PITTSBURGH -- The Pittsburgh Pirates have looked down and out at points this season, with key players missing for various reasons, the offense sputtering at times, the pitching inconsistent at others.

Yet they are entering a stretch that could turn things considerably brighter -- or darker.

Their series opener Friday at PNC Park against the defending champion Chicago Cubs, a team struggling mightily on the road, is Pittsburgh's first of 10 straight games within the National League Central.

Even at 30-36, the Pirates are hanging in there in a division that seems mediocre at best. Going into this stretch, the Pirates won four games in a row before dropping the series finale against Colorado on Wednesday. They have won or split three of their four series in June.

Pittsburgh kept Colorado's potent offense mostly at bay, giving up nine runs in three games while scoring 13.

"(Colorado) is a really good team, a really big test," said rookie starter Chad Kuhl, who despite taking the loss in the series finale had one of his better outings.

"Sweeping them would have been nice, but taking the series from them is big."

A sweep of the Cubs, if the Pirates could pull it off, would move it a half-game ahead of the champs.

In the Cubs (32-33), the Pirates will be facing a club that lost to the New York Mets 9-4 on Wednesday.

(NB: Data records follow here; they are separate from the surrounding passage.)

(* Let $T\in\mathbb{C}^{l\times l}$ and let $\lambda_1,\lambda_2,\lambda_3$ be three distinct eigenvalues of $T$. Then for all $\gamma=(\gamma_{12},\gamma_{13},\gamma_{23})\in\mathbb{C}^3$, \[ \operatorname{rank}\begin{bmatrix} T-\lambda_1 I_l & \gamma_{12} I_l & \gamma_{13} I_l\\ 0 & T-\lambda_2 I_l & \gamma_{23} I_l\\ 0&0&T-\lambda_3 I_l\end{bmatrix}\le 3l-3 , \] equivalently $s_{3l-2}$ of this matrix equals $0$.
   Context: $s_j(\cdot)$ denotes the $j$-th largest singular value of a matrix ($s_1\ge s_2\ge\cdots$). *)

theory Defs
  imports "Jordan_Normal_Form.Char_Poly" "Jordan_Normal_Form.DL_Rank"
begin

definition block3_mat :: "nat \<Rightarrow> (nat \<Rightarrow> nat \<Rightarrow> 'a mat) \<Rightarrow> 'a mat" where
  "block3_mat l B = mat (3*l) (3*l) (\<lambda>(i,j). B (i div l) (j div l) $$ (i mod l, j mod l))"

end

theory Submission
  imports Defs
begin

(* Let M be the block matrix and v an eigenvector of T for lam. M maps the block vector
  c (x) v = (c0 v, c1 v, c2 v) to (S c) (x) v, where S is the scalar upper triangular matrix
  obtained from M by replacing T with lam. For lam = mu_m the distinctness of the mu's leaves
  a single zero on the diagonal of S, at position m, so back substitution gives a null vector
  c_m of S with c_m m = 1 and c_m q = 0 for q > m. Choosing a coordinate p_m at which the
  eigenvector v_m for mu_m is nonzero, the three kernel vectors c_m (x) v_m are in echelon
  form with respect to the columns m l + p_m; hence these three columns lie in the span of
  the remaining 3 l - 3 columns. *)

lemma sum_lessThan_mult_blocks:
  fixes f :: "nat \<Rightarrow> 'a::comm_monoid_add"
  shows "(\<Sum>j<m*l. f j) = (\<Sum>q<m. \<Sum>s<l. f (q*l + s))"
proof -
  have "(\<Sum>j\<in>{q*l..<q*l+l}. f j) = (\<Sum>s<l. f (q*l + s))" for q
    using sum.shift_bounds_nat_ivl[of f 0 "q*l" l] by (simp add: add.commute lessThan_atLeast0)
  then show ?thesis using sum.nat_group[of "\<lambda>q. f q" l m] by simp
qed

lemma sum_lessThan_3:
  fixes f :: "nat \<Rightarrow> 'a::comm_monoid_add"
  shows "(\<Sum>q<3. f q) = f 0 + f 1 + f 2"
proof -
  have "{..<3::nat} = {0, 1, 2}" by auto
  then show ?thesis by (simp add: add.assoc)
qed

lemma mult_add_less_mult:
  fixes q s l m :: nat
  assumes "q < m" "s < l"
  shows "q*l + s < m*l"
proof -
  have "q*l + s < Suc q * l" using assms(2) by simp
  also have "\<dots> \<le> m*l" using assms(1) by (intro mult_le_mono1) simp
  finally show ?thesis .
qed

section \<open>Block vectors\<close>

definition block3_vec :: "nat \<Rightarrow> (nat \<Rightarrow> 'a vec) \<Rightarrow> 'a vec" where
  "block3_vec l U = vec (3*l) (\<lambda>j. U (j div l) $ (j mod l))"

lemma block3_vec_carrier [simp]: "block3_vec l U \<in> carrier_vec (3*l)"
  by (simp add: block3_vec_def)

lemma block3_vec_index:
  assumes "q < 3" "s < l"
  shows "block3_vec l U $ (q*l + s) = U q $ s"
  using assms mult_add_less_mult[OF assms] by (simp add: block3_vec_def)

lemma block3_mat_mult_vec_index:
  assumes B: "\<And>p q. p < 3 \<Longrightarrow> q < 3 \<Longrightarrow> B p q \<in> carrier_mat l l"
    and U: "\<And>q. q < 3 \<Longrightarrow> U q \<in> carrier_vec l"
    and p: "p < 3" and r: "r < l"
  shows "(block3_mat l B *\<^sub>v block3_vec l U) $ (p*l + r) = (\<Sum>q<3. (B p q *\<^sub>v U q) $ r)"
proof -
  have "(block3_mat l B *\<^sub>v block3_vec l U) $ (p*l + r)
      = (\<Sum>j<3*l. B p (j div l) $$ (r, j mod l) * block3_vec l U $ j)"
    using mult_add_less_mult[OF p r] r
    by (simp add: block3_mat_def mult_mat_vec_def scalar_prod_def lessThan_atLeast0
        carrier_vecD[OF block3_vec_carrier])
  also have "\<dots> = (\<Sum>q<3. \<Sum>s<l. B p q $$ (r, s) * U q $ s)"
    by (simp add: sum_lessThan_mult_blocks block3_vec_index)
  also have "\<dots> = (\<Sum>q<3. (B p q *\<^sub>v U q) $ r)"
  proof (rule sum.cong)
    fix q :: nat assume "q \<in> {..<3}"
    then have "B p q \<in> carrier_mat l l" "U q \<in> carrier_vec l" using B[OF p] U by auto
    then show "(\<Sum>s<l. B p q $$ (r, s) * U q $ s) = (B p q *\<^sub>v U q) $ r"
      using r by (simp add: mult_mat_vec_def scalar_prod_def lessThan_atLeast0)
  qed simp
  finally show ?thesis .
qed

lemma block3_mat_mult_tensor_eigenvector:
  fixes B :: "nat \<Rightarrow> nat \<Rightarrow> 'a::field mat"
  assumes B: "\<And>p q. p < 3 \<Longrightarrow> q < 3 \<Longrightarrow> B p q \<in> carrier_mat l l"
    and v: "v \<in> carrier_vec l"
    and eig: "\<And>p q. p < 3 \<Longrightarrow> q < 3 \<Longrightarrow> B p q *\<^sub>v v = \<beta> p q \<cdot>\<^sub>v v"
    and null: "\<And>p. p < 3 \<Longrightarrow> (\<Sum>q<3. \<beta> p q * c q) = 0"
  shows "block3_mat l B *\<^sub>v block3_vec l (\<lambda>q. c q \<cdot>\<^sub>v v) = 0\<^sub>v (3*l)"
proof (rule eq_vecI)
  fix i assume "i < dim_vec (0\<^sub>v (3*l) :: 'a vec)"
  then have i: "i < 3*l" by simp
  define p r where "p = i div l" and "r = i mod l"
  have p: "p < 3" and r: "r < l" and ipr: "i = p*l + r"
    using i by (auto simp: p_def r_def less_mult_imp_div_less)
  have "(block3_mat l B *\<^sub>v block3_vec l (\<lambda>q. c q \<cdot>\<^sub>v v)) $ i
      = (\<Sum>q<3. (B p q *\<^sub>v (c q \<cdot>\<^sub>v v)) $ r)"
    unfolding ipr using B v p r by (intro block3_mat_mult_vec_index) auto
  also have "\<dots> = (\<Sum>q<3. \<beta> p q * c q * v $ r)"
  proof (rule sum.cong)
    fix q :: nat assume "q \<in> {..<3}"
    then have "B p q \<in> carrier_mat l l" "B p q *\<^sub>v v = \<beta> p q \<cdot>\<^sub>v v" using B[OF p] eig[OF p] by auto
    then have "B p q *\<^sub>v (c q \<cdot>\<^sub>v v) = (c q * \<beta> p q) \<cdot>\<^sub>v v"
      using v by (simp add: mult_mat_vec[of _ l l] smult_smult_assoc)
    then show "(B p q *\<^sub>v (c q \<cdot>\<^sub>v v)) $ r = \<beta> p q * c q * v $ r"
      using v r by simp
  qed simp
  also have "\<dots> = (\<Sum>q<3. \<beta> p q * c q) * v $ r" by (simp add: sum_distrib_right)
  also have "\<dots> = 0" using null[OF p] by simp
  finally show "(block3_mat l B *\<^sub>v block3_vec l (\<lambda>q. c q \<cdot>\<^sub>v v)) $ i = 0\<^sub>v (3*l) $ i"
    using i by simp
qed (simp add: block3_mat_def)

It was Chicago's 10th loss in its past 11 road games, and the team fell below .500 overall.

Chicago hasn't won consecutive road games since April 24-25.

"We've 'earned' the right to be in this position," Cubs manager Joe Maddon said. "We have a nice group. I believe in our group, but we have to prove it on the field.

"There's some certain unpredictability about us. That's why we're a .500 club. (We) don't play that same good game every day."

Anthony Rizzo said it's a multitude of things hindering the Cubs away from Wrigley Field.

"We've just got to win," he said. "We've got to hold leads. We've got to hit better with runners in scoring position. We've got to give our pitchers better opportunities to come in with a bigger lead.

"All the little things you've just got to get back to. We do a good job, but we need to do a better job of it."

Chicago will send right-hander Eddie Butler (3-2, 4.03 ERA) against Pittsburgh on Friday.

Butler, making his seventh start, has lasted at least five innings in his past four starts. He will square off against Pirates right-hander Trevor Williams (3-3, 5.13 ERA), who started the season in the bullpen but has replaced Tyler Glasnow in the rotation.

Williams is trying to find the consistency to convince Pittsburgh to keep him there. He is coming off a no-decision against Miami (four innings, five runs, six hits), in which he gave up back-to-back homers in his final inning.

"The misfires, we're paying for," Pirates manager Clint Hurdle said. "(He's) not executing soft stuff. (He's) leaving it up. It's getting hammered."

That start followed the longest outing of Williams' career, seven innings against the Mets, allowing just one run.